Третьему по яйцам. Димке врезали. Отнесло к стене, ухом скребанул по старинной кладке. Ударил, не целясь. Упал. Ладонь разодрал об асфальт. Увидел бутон, выпавший из пакета. Схватил. Поднялся. Получил по зубам…
Вообще Димка не спец в драках. Боится, что зубы выбьют, нос расплющат, изуродуют. А тут он что-то бояться перестал. По пьяни, наверное. Не понятно даже, почему. Димка осмелел и открыл для себя много нового: во-первых, неумело дерущиеся взрослые люди представляют собой довольно смешное зрелище, а во-вторых, реальная драка разочаровывает отсутствием эффектных звуков ударов, какие бывают в кино. Только кряхтенье, ойканье и шлепки какие-то. Вот если бы в драках использовали мячик, звуки были бы поинтереснее.

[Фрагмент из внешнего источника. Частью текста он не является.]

definition mono :: "('a::euclidean_space \<Rightarrow> nat) \<Rightarrow> 'a \<Rightarrow> real" where
  "mono \<alpha> x = (\<Prod>i\<in>Basis. (x \<bullet> i) ^ (\<alpha> i))"

definition Qp :: "nat \<Rightarrow> ('a::euclidean_space \<Rightarrow> real) \<Rightarrow> bool" where
  "Qp p q \<longleftrightarrow> (\<exists>c. \<forall>x. q x = (\<Sum>\<alpha>\<in>MI p. c \<alpha> * mono \<alpha> x))"

text \<open>The space V_H of elementwise polynomials (as functions on D, modulo
  values on the null set of element boundaries).\<close>
definition VH :: "'a::euclidean_space set set \<Rightarrow> 'a set \<Rightarrow> nat \<Rightarrow> ('a \<Rightarrow> real) \<Rightarrow> bool" where
  "VH Th D p w \<longleftrightarrow>
     (\<lambda>x. indicator D x * w x) \<in> borel_measurable lebesgue \<and>
     (\<forall>T\<in>Th. \<exists>q. Qp p q \<and> (\<forall>x\<in>interior T. w x = q x))"

definition L2proj :: "'a::euclidean_space set set \<Rightarrow> 'a set \<Rightarrow> nat \<Rightarrow> ('a \<Rightarrow> real) \<Rightarrow> ('a \<Rightarrow> real) \<Rightarrow> bool" where
  "L2proj Th D p v w \<longleftrightarrow>
     VH Th D p w \<and> (\<forall>q. VH Th D p q \<longrightarrow> (LINT x:D|lebesgue. (v x - w x) * q x) = 0)"

text \<open>Shifted Legendre polynomial on [0,1].\<close>
definition shleg :: "nat \<Rightarrow> real \<Rightarrow> real" where
  "shleg n t = (-1) ^ n * (\<Sum>k\<le>n. real (n choose k) * real ((n + k) choose k) * (- t) ^ k)"

text \<open>L2([a,b])-normalised Legendre polynomial of degree n on [a,b].\<close>
definition leg1 :: "nat \<Rightarrow> real \<Rightarrow> real \<Rightarrow> real \<Rightarrow> real" where
  "leg1 n a b x = sqrt ((2 * real n + 1) / (b - a)) * shleg n ((x - a) / (b - a))"

definition legTP :: "('a::euclidean_space \<Rightarrow> nat) \<Rightarrow> 'a set \<Rightarrow> 'a \<Rightarrow> real" where
  "legTP \<alpha> T x = (\<Prod>i\<in>Basis. leg1 (\<alpha> i) (lo T i) (hi T i) (x \<bullet> i))"

definition legendre_enum :: "nat \<Rightarrow> (nat \<Rightarrow> 'a::euclidean_space \<Rightarrow> nat) \<Rightarrow> bool" where
  "legendre_enum p \<iota> \<longleftrightarrow> bij_betw \<iota> {1..(p + 1) ^ DIM('a)} (MI p) \<and> \<iota> 1 = (\<lambda>_. 0)"

definition Lam :: "(nat \<Rightarrow> 'a::euclidean_space \<Rightarrow> nat) \<Rightarrow> nat \<Rightarrow> 'a set \<Rightarrow> 'a \<Rightarrow> real" where
  "Lam \<iota> j T = legTP (\<iota> j) T"

definition sq_int :: "('a::euclidean_space \<Rightarrow> real) \<Rightarrow> bool" where
  "sq_int f \<longleftrightarrow> f \<in> borel_measurable lebesgue \<and> integrable lebesgue (\<lambda>x. (f x)\<^sup>2)"

definition C1c :: "('a::euclidean_space \<Rightarrow> real) \<Rightarrow> ('a \<Rightarrow> 'a \<Rightarrow> real) \<Rightarrow> bool" where
  "C1c \<phi> \<phi>' \<longleftrightarrow> (\<forall>x. (\<phi> has_derivative \<phi>' x) (at x)) \<and>
     (\<forall>i\<in>Basis. continuous_on UNIV (\<lambda>x. \<phi>' x i)) \<and>
     (\<exists>K. compact K \<and> (\<forall>x. x \<notin> K \<longrightarrow> \<phi> x = 0))"

definition H1 :: "('a::euclidean_space \<Rightarrow> real) \<Rightarrow> bool" where
  "H1 v \<longleftrightarrow> sq_int v \<and>
     (\<exists>G :: 'a \<Rightarrow> 'a. (\<forall>i\<in>Basis. sq_int (\<lambda>x. G x \<bullet> i)) \<and>
        (\<forall>\<phi> \<phi>'. C1c \<phi> \<phi>' \<longrightarrow> (\<forall>i\<in>Basis.
            (LINT x|lebesgue. v x * \<phi>' x i) = - (LINT x|lebesgue. (G x \<bullet> i) * \<phi> x))))"

definition H10 :: "'a::euclidean_space set \<Rightarrow> ('a \<Rightarrow> real) \<Rightarrow> bool" where
  "H10 T v \<longleftrightarrow> (\<forall>x. x \<notin> T \<longrightarrow> v x = 0) \<and> H1 v"

text \<open>Elementwise L2-projection onto constants: the value on each element.\<close>
definition Pi0 :: "('a::euclidean_space \<Rightarrow> real) \<Rightarrow> 'a set \<Rightarrow> real" where
  "Pi0 v T = (LINT x:T|lebesgue. v x) / measure lebesgue T"

definition verts :: "'a::euclidean_space set \<Rightarrow> 'a set" where
  "verts T = {z. \<forall>i\<in>Basis. z \<bullet> i = lo T i \<or> z \<bullet> i = hi T i}"

definition nodal :: "'a::euclidean_space set set \<Rightarrow> 'a set \<Rightarrow> ('a set \<Rightarrow> real) \<Rightarrow> 'a \<Rightarrow> real" where
  "nodal Th D c z =
     (if z \<in> D then (\<Sum>T\<in>{T\<in>Th. z \<in> T}. c T) / real (card {T\<in>Th. z \<in> T}) else 0)"

definition qinterp :: "'a::euclidean_space set \<Rightarrow> ('a \<Rightarrow> real) \<Rightarrow> 'a \<Rightarrow> real" where
  "qinterp T nv x = (\<Sum>z\<in>verts T. nv z *
      (\<Prod>i\<in>Basis. if z \<bullet> i = lo T i then (hi T i - x \<bullet> i) / (hi T i - lo T i)
                                   else (x \<bullet> i - lo T i) / (hi T i - lo T i)))"

definition EH :: "'a::euclidean_space set set \<Rightarrow> 'a set \<Rightarrow> ('a set \<Rightarrow> real) \<Rightarrow> 'a \<Rightarrow> real" where
  "EH Th D c x = (if x \<in> \<Union>Th then qinterp (SOME T. T \<in> Th \<and> x \<in> T) (nodal Th D c) x else 0)"

definition IH :: "'a::euclidean_space set set \<Rightarrow> 'a set \<Rightarrow> ('a \<Rightarrow> real) \<Rightarrow> 'a \<Rightarrow> real" where
  "IH Th D v = EH Th D (Pi0 v)"

definition BH :: "'a::euclidean_space set set \<Rightarrow> nat \<Rightarrow> (nat \<Rightarrow> 'a \<Rightarrow> nat)
                   \<Rightarrow> (nat \<Rightarrow> 'a set \<Rightarrow> 'a \<Rightarrow> real) \<Rightarrow> ('a \<Rightarrow> real) \<Rightarrow> 'a \<Rightarrow> real" where
  "BH Th p \<iota> bf v x = (\<Sum>T\<in>Th. \<Sum>j\<in>{1..(p + 1) ^ DIM('a)}.
        (LINT y:T|lebesgue. v y * Lam \<iota> j T y) * bf j T x)"

definition PH :: "'a::euclidean_space set set \<Rightarrow> 'a set \<Rightarrow> nat \<Rightarrow> (nat \<Rightarrow> 'a \<Rightarrow> nat)
                   \<Rightarrow> (nat \<Rightarrow> 'a set \<Rightarrow> 'a \<Rightarrow> real) \<Rightarrow> ('a \<Rightarrow> real) \<Rightarrow> 'a \<Rightarrow> real" where
  "PH Th D p \<iota> bf v x = IH Th D v x + BH Th p \<iota> bf (\<lambda>y. v y - IH Th D v y) x"

end

theory Submission
  imports Defs "HOL-Computational_Algebra.Polynomial"
begin

(* The bubble b = b_{j,T} vanishes outside T and its L2-projection onto V_H is Lambda_{j,T}
   extended by zero. Testing this with Lambda_{k,T} and using that the tensor-product Legendre
   basis is L2(T)-orthonormal gives int_T b Lambda_{k,T} = delta_{jk}, while every moment of b
   over another element vanishes. As Lambda_{1,T} is a nonzero constant and j <> 1, all element
   means Pi^0_H b are zero, so I_H b = 0 and P_H b = B_H b = sum_k delta_{jk} b_{k,T} = b.
   Orthonormality of the shifted Legendre polynomials on [0,1] follows from Rodrigues' formula
   by repeated integration by parts, and it carries over to boxes by Fubini. *)

section \<open>Shifted Legendre polynomials\<close>

lemma pochhammer_Suc_eq_fact_div:
  "pochhammer (of_nat (Suc i)) j = (fact (i + j) / fact i :: 'a::field_char_0)"
proof -
  have "fact (i + j) = (fact i * pochhammer (of_nat (Suc i)) j :: 'a)"
    by (simp add: pochhammer_fact pochhammer_product' add.commute)
  then show ?thesis by simp
qed

lemma coeff_higher_pderiv_fact:
  "coeff ((pderiv ^^ j) p) i = fact (i + j) / fact i * coeff (p :: 'a::field_char_0 poly) (i + j)"
  by (simp add: coeff_higher_pderiv pochhammer_Suc_eq_fact_div del: of_nat_Suc)

lemma higher_pderiv_eq_0: "degree p < j \<Longrightarrow> (pderiv ^^ j) p = 0"
  by (rule poly_eqI) (simp add: coeff_higher_pderiv coeff_eq_0)

lemma pderiv_dvd_linear_power:
  assumes "[:c, 1:] ^ Suc k dvd (q :: 'a::{idom,semiring_char_0} poly)"
  shows "[:c, 1:] ^ k dvd pderiv q"
proof -
  obtain g where q: "q = [:c, 1:] ^ Suc k * g" using assms by (auto elim: dvdE)
  have "pderiv q = [:c, 1:] ^ k * ([:c, 1:] * pderiv g + smult (of_nat (Suc k)) g)"
    unfolding q pderiv_mult pderiv_power_Suc by (simp add: pderiv_pCons algebra_simps)
  then show ?thesis by simp
qed

lemma higher_pderiv_dvd_linear_power:
  fixes q :: "'a::{idom,semiring_char_0} poly"
  assumes "[:c, 1:] ^ m dvd q" "j \<le> m"
  shows "[:c, 1:] ^ (m - j) dvd (pderiv ^^ j) q"
  using assms(2)
proof (induction j)
  case (Suc j)
  then have "[:c, 1:] ^ Suc (m - Suc j) dvd (pderiv ^^ j) q" by (simp add: Suc_diff_Suc)
  then show ?case by (simp add: pderiv_dvd_linear_power)
qed (use assms(1) in simp)

lemma poly_eq_sum_coeff_upto:
  fixes p :: "'a::comm_semiring_1 poly"
  assumes "degree p \<le> n"
  shows "poly p t = (\<Sum>k\<le>n. coeff p k * t ^ k)"
  unfolding poly_altdef using assms by (intro sum.mono_neutral_left) (auto simp: coeff_eq_0)

definition rodrigues_poly :: "nat \<Rightarrow> real poly" where
  "rodrigues_poly n = monom 1 n * [:-1, 1:] ^ n"

definition shleg_poly :: "nat \<Rightarrow> real poly" where
  "shleg_poly n = smult (1 / fact n) ((pderiv ^^ n) (rodrigues_poly n))"

lemma degree_rodrigues_poly: "degree (rodrigues_poly n) \<le> n + n"
  unfolding rodrigues_poly_def
  by (rule order.trans[OF degree_mult_le])
     (auto intro: order.trans[OF degree_power_le] simp: degree_monom_eq)

lemma coeff_rodrigues_poly:
  "i \<le> n \<Longrightarrow> coeff (rodrigues_poly n) (n + i) = of_nat (n choose i) * (-1) ^ (n - i)"
  unfolding rodrigues_poly_def by (simp add: coeff_monom_mult coeff_linear_poly_power)

lemma degree_shleg_poly: "degree (shleg_poly n) \<le> n"
  using degree_rodrigues_poly[of n] by (simp add: shleg_poly_def degree_higher_pderiv)

lemma coeff_shleg_poly:
  assumes "k \<le> n"
  shows "coeff (shleg_poly n) k
    = (-1) ^ n * (real (n choose k) * real ((n + k) choose k) * (-1) ^ k)"
proof -
  have "fact k * fact n * real ((n + k) choose k) = fact (n + k)"
    by (metis binomial_fact_lemma le_add2 add_diff_cancel_left' add.commute of_nat_fact of_nat_mult)
  then have binom: "fact (k + n) / (fact k * fact n) = real ((n + k) choose k)"
    by (simp add: field_simps add.commute)
  have sign: "(-1::real) ^ (n - k) = (-1) ^ n * (-1) ^ k"
    using assms by (auto simp: minus_one_power_iff even_diff_nat)
  have "coeff (shleg_poly n) k
      = fact (k + n) / (fact k * fact n) * coeff (rodrigues_poly n) (n + k)"
    by (simp add: shleg_poly_def coeff_higher_pderiv_fact add.commute)
  then show ?thesis using binom sign coeff_rodrigues_poly[OF assms] by simp
qed

lemma shleg_eq_poly: "shleg n t = poly (shleg_poly n) t"
  by (simp add: poly_eq_sum_coeff_upto[OF degree_shleg_poly] coeff_shleg_poly shleg_def
      sum_distrib_left power_minus[of t] mult_ac)

definition integral01 :: "real poly \<Rightarrow> real" where
  "integral01 r = integral {0..1} (poly r)"

lemma poly_integrable_on: "poly r integrable_on {a..b :: real}"
  by (intro integrable_continuous_interval continuous_intros)

lemma integral01_add: "integral01 (p + q) = integral01 p + integral01 q"
proof -
  have "poly (p + q) = (\<lambda>x. poly p x + poly q x)" by auto
  then show ?thesis unfolding integral01_def by (simp add: integral_add poly_integrable_on)
qed

lemma integral01_smult: "integral01 (smult c p) = c * integral01 p"
proof -
  have "poly (smult c p) = (\<lambda>x. c * poly p x)" by auto
  then show ?thesis unfolding integral01_def by simp
qed

lemma integral01_uminus: "integral01 (- p) = - integral01 p"
  using integral01_smult[of "-1" p] by simp

lemma integral01_0: "integral01 0 = 0"
  using integral01_smult[of 0 0] by simp

lemma integral01_pderiv: "integral01 (pderiv q) = poly q 1 - poly q 0"
proof -
  have "(poly (pderiv q) has_integral (poly q 1 - poly q 0)) {0..1}"
  proof (rule fundamental_theorem_of_calculus)
    fix x :: real
    have "(poly q has_real_derivative poly (pderiv q) x) (at x within {0..1})"
      using poly_DERIV[of q x] by (rule has_field_derivative_at_within)
    then show "(poly q has_vector_derivative poly (pderiv q) x) (at x within {0..1})"
      by (simp add: has_real_derivative_iff_has_vector_derivative)
  qed simp
  then show ?thesis unfolding integral01_def by (rule integral_unique)
qed

lemma integral01_by_parts:
  "integral01 (p * pderiv q) = poly (p * q) 1 - poly (p * q) 0 - integral01 (pderiv p * q)"
  using integral01_pderiv[of "p * q"] by (simp add: pderiv_mult integral01_add mult.commute)

lemma higher_pderiv_rodrigues_poly_vanishes:
  assumes "j < n"
  shows "poly ((pderiv ^^ j) (rodrigues_poly n)) 0 = 0"
    and "poly ((pderiv ^^ j) (rodrigues_poly n)) 1 = 0"
proof -
  have "[:c, 1:] dvd (pderiv ^^ j) (rodrigues_poly n)" if "[:c, 1:] ^ n dvd rodrigues_poly n" for c
    using dvd_trans[OF _ higher_pderiv_dvd_linear_power[OF that]] assms by simp
  moreover have "[:0, 1:] ^ n dvd rodrigues_poly n" "[:-1, 1:] ^ n dvd rodrigues_poly n"
    by (simp_all add: rodrigues_poly_def monom_altdef)
  ultimately show "poly ((pderiv ^^ j) (rodrigues_poly n)) 0 = 0"
    and "poly ((pderiv ^^ j) (rodrigues_poly n)) 1 = 0"
    by (metis minus_zero poly_eq_0_iff_dvd)+
qed

lemma integral01_mult_higher_pderiv_rodrigues_poly:
  "j \<le> n \<Longrightarrow> integral01 (q * (pderiv ^^ j) (rodrigues_poly n))
    = (-1) ^ j * integral01 ((pderiv ^^ j) q * rodrigues_poly n)"
proof (induction j arbitrary: q)
  case (Suc j)
  have "integral01 (q * (pderiv ^^ Suc j) (rodrigues_poly n))
      = - integral01 (pderiv q * (pderiv ^^ j) (rodrigues_poly n))"
    using higher_pderiv_rodrigues_poly_vanishes[of j n] Suc.prems by (simp add: integral01_by_parts)
  also have "\<dots> = (-1) ^ Suc j * integral01 ((pderiv ^^ Suc j) q * rodrigues_poly n)"
    using Suc by (simp add: funpow_Suc_right del: funpow.simps)
  finally show ?case .
qed simp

Главный корчился и подвывал на асфальте, а Димке хотелось смеяться. Он наносил удары, но не чувствовал злости, напротив, ему даже хотелось обнять пацанчиков. Но те размахивали руками и не оставляли на обнимания ни малейшего шанса. Когда Димка окончательно понял, что нежничать с ним никто не собирается, он побежал. Легко. Быстро. С удовольствием. Он бежал, открыв грудь холодному воздуху, и смеялся. По-детски. Счастливо. Пересчитал языком зубы, все на месте. Только внутренняя сторона губы саднит и ухо жжёт, и ладонь. Позади ругалась, стонала и сплёвывала круглоголовая троица, а Димке казалось, что там корчатся и кукожатся заклеенные им конверты, его зависть и злость…
В правой руке тяжелела выдержавшая бой золотая буква, в левой… Алые ошмётки лепестков, жёлтая пыльца, чёрная пудра тычинок размазались по расцарапанной ладони вместе с грязью и кровью.
* * *
Димку обдало духотой и грохотом. Певица пела. Большинство мужчин и женщин танцевали. Усидеть на месте было невозможно, поэтому в пляс пустились люди, обыкновенно этого себе не позволяющие. Марат Губайдуллин танцевал с той самой ярко накрашенной дамой с лицом, умащённым кремом, Лиса извивалась среди нескольких разновозрастных мужчин, сказочник с рюмкой в здоровой руке рассматривал присутствующих диковатыми глазами, драматург-революционер выделывал хип-хоповские движения вокруг красивой журналистки. Один Мамадаков ходил, покачиваясь и кого-то высматривая, его жены нигде не было видно.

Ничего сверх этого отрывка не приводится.